* _Task data_:
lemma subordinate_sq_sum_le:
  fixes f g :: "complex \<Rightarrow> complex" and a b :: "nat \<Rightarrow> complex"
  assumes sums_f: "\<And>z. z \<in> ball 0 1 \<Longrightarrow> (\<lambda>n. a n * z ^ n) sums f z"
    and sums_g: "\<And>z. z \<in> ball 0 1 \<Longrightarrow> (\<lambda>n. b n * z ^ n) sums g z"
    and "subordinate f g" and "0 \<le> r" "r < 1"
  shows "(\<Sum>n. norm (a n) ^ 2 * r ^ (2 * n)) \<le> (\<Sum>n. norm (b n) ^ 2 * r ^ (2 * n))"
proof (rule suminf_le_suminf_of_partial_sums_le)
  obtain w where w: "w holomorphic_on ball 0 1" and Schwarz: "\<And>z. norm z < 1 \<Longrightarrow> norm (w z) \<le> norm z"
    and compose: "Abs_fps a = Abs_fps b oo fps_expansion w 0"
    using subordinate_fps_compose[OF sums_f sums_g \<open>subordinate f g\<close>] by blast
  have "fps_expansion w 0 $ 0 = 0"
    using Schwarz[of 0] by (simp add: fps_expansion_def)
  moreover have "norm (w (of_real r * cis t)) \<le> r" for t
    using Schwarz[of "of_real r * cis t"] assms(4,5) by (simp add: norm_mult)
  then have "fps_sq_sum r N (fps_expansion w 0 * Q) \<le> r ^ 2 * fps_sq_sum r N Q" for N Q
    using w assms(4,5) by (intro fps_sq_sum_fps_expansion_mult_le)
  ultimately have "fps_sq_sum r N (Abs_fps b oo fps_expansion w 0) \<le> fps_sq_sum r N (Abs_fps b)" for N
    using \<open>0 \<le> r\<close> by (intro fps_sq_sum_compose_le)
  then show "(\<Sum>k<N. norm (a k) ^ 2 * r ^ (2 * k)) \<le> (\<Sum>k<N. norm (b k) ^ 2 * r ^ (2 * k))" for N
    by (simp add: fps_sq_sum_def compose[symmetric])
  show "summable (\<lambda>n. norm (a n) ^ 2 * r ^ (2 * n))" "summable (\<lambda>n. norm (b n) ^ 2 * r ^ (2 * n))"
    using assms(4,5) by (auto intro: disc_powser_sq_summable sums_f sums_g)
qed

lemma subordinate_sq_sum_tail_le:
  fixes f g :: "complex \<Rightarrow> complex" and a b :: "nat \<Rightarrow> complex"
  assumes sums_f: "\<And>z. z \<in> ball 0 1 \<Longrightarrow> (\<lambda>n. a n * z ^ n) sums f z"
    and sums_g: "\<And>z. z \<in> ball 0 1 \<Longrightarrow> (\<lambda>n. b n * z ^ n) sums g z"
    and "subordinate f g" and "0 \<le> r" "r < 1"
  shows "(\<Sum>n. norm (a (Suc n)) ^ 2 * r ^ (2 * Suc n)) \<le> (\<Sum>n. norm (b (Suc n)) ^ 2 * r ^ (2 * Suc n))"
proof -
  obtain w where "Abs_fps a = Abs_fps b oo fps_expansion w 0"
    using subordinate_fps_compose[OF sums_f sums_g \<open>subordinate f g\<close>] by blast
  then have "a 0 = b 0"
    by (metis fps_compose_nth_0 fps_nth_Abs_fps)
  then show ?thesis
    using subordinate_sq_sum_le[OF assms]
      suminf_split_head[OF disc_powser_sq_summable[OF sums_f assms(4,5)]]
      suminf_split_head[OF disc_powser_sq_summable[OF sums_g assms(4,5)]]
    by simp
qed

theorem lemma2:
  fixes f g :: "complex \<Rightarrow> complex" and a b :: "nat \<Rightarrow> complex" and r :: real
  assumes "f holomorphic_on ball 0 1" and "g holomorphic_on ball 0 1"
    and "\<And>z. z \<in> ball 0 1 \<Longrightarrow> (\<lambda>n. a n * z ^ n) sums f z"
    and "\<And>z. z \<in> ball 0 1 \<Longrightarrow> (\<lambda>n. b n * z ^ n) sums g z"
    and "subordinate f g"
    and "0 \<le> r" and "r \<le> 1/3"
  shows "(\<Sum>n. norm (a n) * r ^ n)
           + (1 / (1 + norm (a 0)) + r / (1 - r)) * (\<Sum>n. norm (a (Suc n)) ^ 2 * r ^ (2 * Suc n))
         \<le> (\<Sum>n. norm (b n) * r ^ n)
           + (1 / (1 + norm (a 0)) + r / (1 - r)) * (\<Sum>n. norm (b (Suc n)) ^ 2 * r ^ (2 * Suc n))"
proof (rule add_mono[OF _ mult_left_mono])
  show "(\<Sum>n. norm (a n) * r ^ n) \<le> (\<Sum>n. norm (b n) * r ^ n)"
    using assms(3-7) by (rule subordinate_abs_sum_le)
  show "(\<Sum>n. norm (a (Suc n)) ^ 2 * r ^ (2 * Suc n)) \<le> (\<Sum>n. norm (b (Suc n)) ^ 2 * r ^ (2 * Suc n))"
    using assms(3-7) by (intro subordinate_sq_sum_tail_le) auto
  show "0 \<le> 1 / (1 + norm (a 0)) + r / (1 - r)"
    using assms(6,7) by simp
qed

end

* _What the task requires_: Nothing in the data may change. Give it again in full.

* _Problem solution_:
lemma subordinate_sq_sum_le:
  fixes f g :: "complex \<Rightarrow> complex" and a b :: "nat \<Rightarrow> complex"
  assumes sums_f: "\<And>z. z \<in> ball 0 1 \<Longrightarrow> (\<lambda>n. a n * z ^ n) sums f z"
    and sums_g: "\<And>z. z \<in> ball 0 1 \<Longrightarrow> (\<lambda>n. b n * z ^ n) sums g z"
    and "subordinate f g" and "0 \<le> r" "r < 1"
  shows "(\<Sum>n. norm (a n) ^ 2 * r ^ (2 * n)) \<le> (\<Sum>n. norm (b n) ^ 2 * r ^ (2 * n))"
proof (rule suminf_le_suminf_of_partial_sums_le)
  obtain w where w: "w holomorphic_on ball 0 1" and Schwarz: "\<And>z. norm z < 1 \<Longrightarrow> norm (w z) \<le> norm z"
    and compose: "Abs_fps a = Abs_fps b oo fps_expansion w 0"
    using subordinate_fps_compose[OF sums_f sums_g \<open>subordinate f g\<close>] by blast
  have "fps_expansion w 0 $ 0 = 0"
    using Schwarz[of 0] by (simp add: fps_expansion_def)
  moreover have "norm (w (of_real r * cis t)) \<le> r" for t
    using Schwarz[of "of_real r * cis t"] assms(4,5) by (simp add: norm_mult)
  then have "fps_sq_sum r N (fps_expansion w 0 * Q) \<le> r ^ 2 * fps_sq_sum r N Q" for N Q
    using w assms(4,5) by (intro fps_sq_sum_fps_expansion_mult_le)
  ultimately have "fps_sq_sum r N (Abs_fps b oo fps_expansion w 0) \<le> fps_sq_sum r N (Abs_fps b)" for N
    using \<open>0 \<le> r\<close> by (intro fps_sq_sum_compose_le)
  then show "(\<Sum>k<N. norm (a k) ^ 2 * r ^ (2 * k)) \<le> (\<Sum>k<N. norm (b k) ^ 2 * r ^ (2 * k))" for N
    by (simp add: fps_sq_sum_def compose[symmetric])
  show "summable (\<lambda>n. norm (a n) ^ 2 * r ^ (2 * n))" "summable (\<lambda>n. norm (b n) ^ 2 * r ^ (2 * n))"
    using assms(4,5) by (auto intro: disc_powser_sq_summable sums_f sums_g)
qed

lemma subordinate_sq_sum_tail_le:
  fixes f g :: "complex \<Rightarrow> complex" and a b :: "nat \<Rightarrow> complex"
  assumes sums_f: "\<And>z. z \<in> ball 0 1 \<Longrightarrow> (\<lambda>n. a n * z ^ n) sums f z"
    and sums_g: "\<And>z. z \<in> ball 0 1 \<Longrightarrow> (\<lambda>n. b n * z ^ n) sums g z"
    and "subordinate f g" and "0 \<le> r" "r < 1"
  shows "(\<Sum>n. norm (a (Suc n)) ^ 2 * r ^ (2 * Suc n)) \<le> (\<Sum>n. norm (b (Suc n)) ^ 2 * r ^ (2 * Suc n))"
proof -
  obtain w where "Abs_fps a = Abs_fps b oo fps_expansion w 0"
    using subordinate_fps_compose[OF sums_f sums_g \<open>subordinate f g\<close>] by blast
  then have "a 0 = b 0"
    by (metis fps_compose_nth_0 fps_nth_Abs_fps)
  then show ?thesis
    using subordinate_sq_sum_le[OF assms]
      suminf_split_head[OF disc_powser_sq_summable[OF sums_f assms(4,5)]]
      suminf_split_head[OF disc_powser_sq_summable[OF sums_g assms(4,5)]]
    by simp
qed

theorem lemma2:
  fixes f g :: "complex \<Rightarrow> complex" and a b :: "nat \<Rightarrow> complex" and r :: real
  assumes "f holomorphic_on ball 0 1" and "g holomorphic_on ball 0 1"
    and "\<And>z. z \<in> ball 0 1 \<Longrightarrow> (\<lambda>n. a n * z ^ n) sums f z"
    and "\<And>z. z \<in> ball 0 1 \<Longrightarrow> (\<lambda>n. b n * z ^ n) sums g z"
    and "subordinate f g"
    and "0 \<le> r" and "r \<le> 1/3"
  shows "(\<Sum>n. norm (a n) * r ^ n)
           + (1 / (1 + norm (a 0)) + r / (1 - r)) * (\<Sum>n. norm (a (Suc n)) ^ 2 * r ^ (2 * Suc n))
         \<le> (\<Sum>n. norm (b n) * r ^ n)
           + (1 / (1 + norm (a 0)) + r / (1 - r)) * (\<Sum>n. norm (b (Suc n)) ^ 2 * r ^ (2 * Suc n))"
proof (rule add_mono[OF _ mult_left_mono])
  show "(\<Sum>n. norm (a n) * r ^ n) \<le> (\<Sum>n. norm (b n) * r ^ n)"
    using assms(3-7) by (rule subordinate_abs_sum_le)
  show "(\<Sum>n. norm (a (Suc n)) ^ 2 * r ^ (2 * Suc n)) \<le> (\<Sum>n. norm (b (Suc n)) ^ 2 * r ^ (2 * Suc n))"
    using assms(3-7) by (intro subordinate_sq_sum_tail_le) auto
  show "0 \<le> 1 / (1 + norm (a 0)) + r / (1 - r)"
    using assms(6,7) by simp
qed

end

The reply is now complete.